At a brief news conference after the session, which lasted two hours, US Ambassador James Oberwetter said the topics included a need for better training and equipment for Saudi security forces, better security at some com-pounds, more information from the Interior Ministry about threats and attacks, and some means for foreigners to contact Saudi security forces directly in an emergency.
"Many expatriates are going to stay and want to stay, but they are concerned about their security, and they are concerned about their quality of life," Oberwetter said.
But others said that the corporate chiefs, presented with a rare opportunity to air their grievances to two such senior royal figures, used the meeting to focus on lesser problems like the bureaucratic hurdles required to obtain employment visas.
One subject touched on, but not delved into, was whether there should be armed guards inside the gated residential compounds where most Westerners live, and which terrorists have chosen as their targets. Although the perimeters are often guarded by the National Guard, security inside is usually provided by unarmed foreign civilians.
Last week the interior minister, Prince Nayef bin Abdel Aziz, suggested that people from other countries would be allowed to apply for gun permits. But Saud made it clear that any armed guards would have to be Saudi.
Foreign workers are often skeptical of how committed Saudi guards will be to protecting a Western lifestyle in compounds where, for example, women often ride bicycles in shorts, unlike the Saudi women who are normally enveloped in a black shroud.
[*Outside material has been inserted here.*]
(* (i) For every context $\Gamma$: if $\Gamma\ \mathrm{ok}_s$ then $\Gamma\ \mathrm{ok}$. (ii) For every context $\Gamma$ and terms $M,A$: if $\Gamma\vdash_s M:A$ then $\Gamma\vdash M:A$.
   Context: Let $\mathcal V$ (the variables) be a type with decidable equality, equipped with functions $\mathrm{encode}:\mathcal V\to\mathbb N$ and $\mathrm{decode}:\mathbb N\to\mathcal V$ such that $\mathrm{encode}(\mathrm{decode}\,n)=n$ for all $n$. Let $\mathcal C$ (the constants) be any type. Terms $\Lambda$ are generated by: $c\,k$ ($k\in\mathcal C$), $v\,x$ ($x\in\mathcal V$), $\lambda[x:A]M$, $\Pi[x:A]B$ and $M\cdot N$; in $\lambda[x:A]M$ and $\Pi[x:A]B$ the name $x$ binds in $M$ (resp. $B$) but not in $A$. Terms are raw first-order syntax (not identified up to renaming of bound variables) and $\equiv$ denotes syntactic identity. The list of free variables is $\mathrm{fv}(c\,k)=[\,]$, $\mathrm{fv}(v\,x)=[x]$, $\mathrm{fv}(\lambda[x:A]M)=\mathrm{fv}\,A\mathbin{+\!\!+}(\mathrm{fv}\,M-x)$, $\mathrm{fv}(\Pi[x:A]B)=\mathrm{fv}\,A\mathbin{+\!\!+}(\mathrm{fv}\,B-x)$, $\mathrm{fv}(M\cdot N)=\mathrm{fv}\,M\mathbin{+\!\!+}\mathrm{fv}\,N$, where $\mathbin{+\!\!+}$ is list concatenation and $xs-x$ deletes every occurrence of $x$ from $xs$. Fix a function $\chi':\mathrm{List}\,\mathbb N\to\mathbb N$ with $\chi'(ns)\notin ns$ for every list $ns$, and put $X'(xs)=\mathrm{decode}(\chi'(\mathrm{map}\ \mathrm{encode}\ xs))$. A substitution is any function $\sigma:\mathcal V\to\Lambda$; $\iota=v$ is the identity substitution; $(\sigma,x:=N)(y)=N$ if $y=x$ and $\sigma\,y$ otherwise. For a substitution $\sigma$ and a list $xs$ of variables, $X(\sigma,xs)=X'(\text{concatenation of the lists }\mathrm{fv}(\sigma\,y)\text{ for }y\in xs)$. The action $M\bullet\sigma$ is defined by structural recursion: $c\,k\bullet\sigma=c\,k$; $v\,x\bullet\sigma=\sigma\,x$; $(M\cdot N)\bullet\sigma=(M\bullet\sigma)\cdot(N\bullet\sigma)$; $(\lambda[x:A]M)\bullet\sigma=\lambda[y:A\bullet\sigma](M\bullet(\sigma,x:=v\,y))$ with $y=X(\sigma,\mathrm{fv}\,M-x)$; $(\Pi[x:A]B)\bullet\sigma=\Pi[y:A\bullet\sigma](B\bullet(\sigma,x:=v\,y))$ with $y=X(\sigma,\mathrm{fv}\,B-x)$. Unary substitution is $M[x:=N]=M\bullet(\iota,x:=N)$. $\alpha$-conversion $\sim_\alpha$ is the inductively defined relation with rules: $c\,k\sim_\alpha c\,k$; $v\,x\sim_\alpha v\,x$; $M\cdot N\sim_\alpha M'\cdot N'$ if $M\sim_\alpha M'$ and $N\sim_\alpha N'$; $\lambda[x:A]M\sim_\alpha\lambda[x':A']M'$ if $A\sim_\alpha A'$ and there is a variable $y$ with $y\notin\mathrm{fv}\,M-x$, $y\notin\mathrm{fv}\,M'-x'$ and $M[x:=v\,y]\equiv M'[x':=v\,y]$; and the same rule with $\Pi$ in place of $\lambda$. $\beta$-contraction is $(\lambda[x:A]M)\cdot N\ \triangleright_\beta\ M[x:=N]$. One-step $\beta$-reduction $\to_\beta$ is its contextual closure, inductively: $M\to_\beta N$ if $M\triangleright_\beta N$; $\lambda[x:A]M\to_\beta\lambda[x:A]M'$ and $\Pi[x:A]M\to_\beta\Pi[x:A]M'$ if $M\to_\beta M'$; $\lambda[x:A]M\to_\beta\lambda[x:A']M$ and $\Pi[x:A]M\to_\beta\Pi[x:A']M$ if $A\to_\beta A'$; $M\cdot P\to_\beta N\cdot P$ and $P\cdot M\to_\beta P\cdot N$ if $M\to_\beta N$. $\beta$-conversion $\simeq_\beta$ is the equivalence (reflexive–symmetric–transitive) closure of $\sim_\alpha\cup\to_\beta$. Pure Type System: fix a binary relation $\mathcal A\subseteq\mathcal C\times\mathcal C$ (axioms) and a ternary relation $\mathcal R\subseteq\mathcal C\times\mathcal C\times\mathcal C$ (rules). A context is a finite list of pairs $(x,A)$ with $x\in\mathcal V$, $A\in\Lambda$; $\Gamma,x:A$ denotes the list $(x,A)::\Gamma$; $\mathrm{dom}\,\Gamma$ is the list of first components; $(x,A)\in\Gamma$ is list membership. The judgments $\Gamma\ \mathrm{ok}$ and $\Gamma\vdash M:A$ are defined mutually inductively by: (nil) $[\,]\ \mathrm{ok}$; (cons) if $\Gamma\ \mathrm{ok}$, $\Gamma\vdash A:c\,s$ and $x\notin\mathrm{dom}\,\Gamma$ then $\Gamma,x:A\ \mathrm{ok}$; (sort) if $\Gamma\ \mathrm{ok}$ and $\mathcal A\,s_1\,s_2$ then $\Gamma\vdash c\,s_1:c\,s_2$; (var) if $\Gamma\ \mathrm{ok}$ and $(x,A)\in\Gamma$ then $\Gamma\vdash v\,x:A$; (prod) if $\mathcal R\,s_1\,s_2\,s_3$, $\Gamma\vdash A:c\,s_1$ and for every $y\notin\mathrm{dom}\,\Gamma$, $\Gamma,y:A\vdash B[x:=v\,y]:c\,s_2$, then $\Gamma\vdash\Pi[x:A]B:c\,s_3$; (abs) if $\mathcal R\,s_1\,s_2\,s_3$, $\Gamma\vdash A:c\,s_1$, for every $z\notin\mathrm{dom}\,\Gamma$, $\Gamma,z:A\vdash B[y:=v\,z]:c\,s_2$, and for every $z\notin\mathrm{dom}\,\Gamma$, $\Gamma,z:A\vdash M[x:=v\,z]:B[y:=v\,z]$, then $\Gamma\vdash\lambda[x:A]M:\Pi[y:A]B$; (app) if $\Gamma\vdash M:\Pi[x:A]B$, $\Gamma\vdash N:A$ and $\Gamma\vdash B[x:=N]:c\,s$ for some $s$, then $\Gamma\vdash M\cdot N:B[x:=N]$; (conv) if $\Gamma\vdash M:A$, $A\simeq_\beta B$ and $\Gamma\vdash B:c\,s$ for some $s$, then $\Gamma\vdash M:B$. (The premises quantified over all fresh names in (prod) and (abs) are infinitely branching.) Finitary (standard) presentation: the judgments $\Gamma\ \mathrm{ok}_s$ and $\Gamma\vdash_s M:A$ are defined mutually inductively by: (nil) $[\,]\ \mathrm{ok}_s$; (cons) if $\Gamma\ \mathrm{ok}_s$, $\Gamma\vdash_s A:c\,s$ and $x\notin\mathrm{dom}\,\Gamma$ then $\Gamma,x:A\ \mathrm{ok}_s$; (sort) if $\Gamma\ \mathrm{ok}_s$ and $\mathcal A\,s_1\,s_2$ then $\Gamma\vdash_s c\,s_1:c\,s_2$; (var) if $\Gamma\ \mathrm{ok}_s$ and $(x,A)\in\Gamma$ then $\Gamma\vdash_s v\,x:A$; (prod) if $\mathcal R\,s_1\,s_2\,s_3$, $y\notin\mathrm{fv}\,B-x$, $\Gamma\vdash_s A:c\,s_1$ and $\Gamma,y:A\vdash_s B[x:=v\,y]:c\,s_2$, then $\Gamma\vdash_s\Pi[x:A]B:c\,s_3$; (abs) if $\mathcal R\,s_1\,s_2\,s_3$, $z\notin\mathrm{fv}\,M-x$, $z\notin\mathrm{fv}\,B-y$, $\Gamma\vdash_s A:c\,s_1$, $\Gamma,z:A\vdash_s B[y:=v\,z]:c\,s_2$ and $\Gamma,z:A\vdash_s M[x:=v\,z]:B[y:=v\,z]$, then $\Gamma\vdash_s\lambda[x:A]M:\Pi[y:A]B$; (app) if $\Gamma\vdash_s M:\Pi[x:A]B$ and $\Gamma\vdash_s N:A$ then $\Gamma\vdash_s M\cdot N:B[x:=N]$; (conv) if $\Gamma\vdash_s M:A$, $A\simeq_\beta B$ and $\Gamma\vdash_s B:c\,s$ for some $s$, then $\Gamma\vdash_s M:B$. *)

theory Defs
  imports Main
begin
Several executives stressed that the kingdom risks losing its foreign workers if it does not maintain this kind of life while fighting terrorism. They said Saud acknowledged the problem by saying the Saudi government had yet to find the fine line between making sure Westerners felt secure and curtailing any of their freedoms.
Saud, speaking at the news conference, said he took from the meeting a strong sense that foreigners want to remain.
"It is poignant to know that all of the questions that were asked by the expatriate community were questions dealing with how they can stay, not what reasons they have to leave," he said.
It is difficult to gauge the size of the exodus that might follow the recent attacks, given that many foreigners leave the country each year to escape the Saudi summer. But one indication that many foreign workers will not be coming back is the booming business at moving companies in cities like Khobar, where 22 people, most of them foreigners, were killed in a terrorist attack on two businesses and a residential compound on May 29.
Badrudeen Mousa, the manager at Four Winds Saudi Arabia Ltd in nearby Dammam said that last year at this time his company was moving five or six families a week. Now the company is moving 28 families a week, the most it can handle.
Most of the families are relocating to nearby Bahrain. Some families are so eager to get out that they are not even waiting around for the packers, just tossing the movers the keys and asking them to handle everything.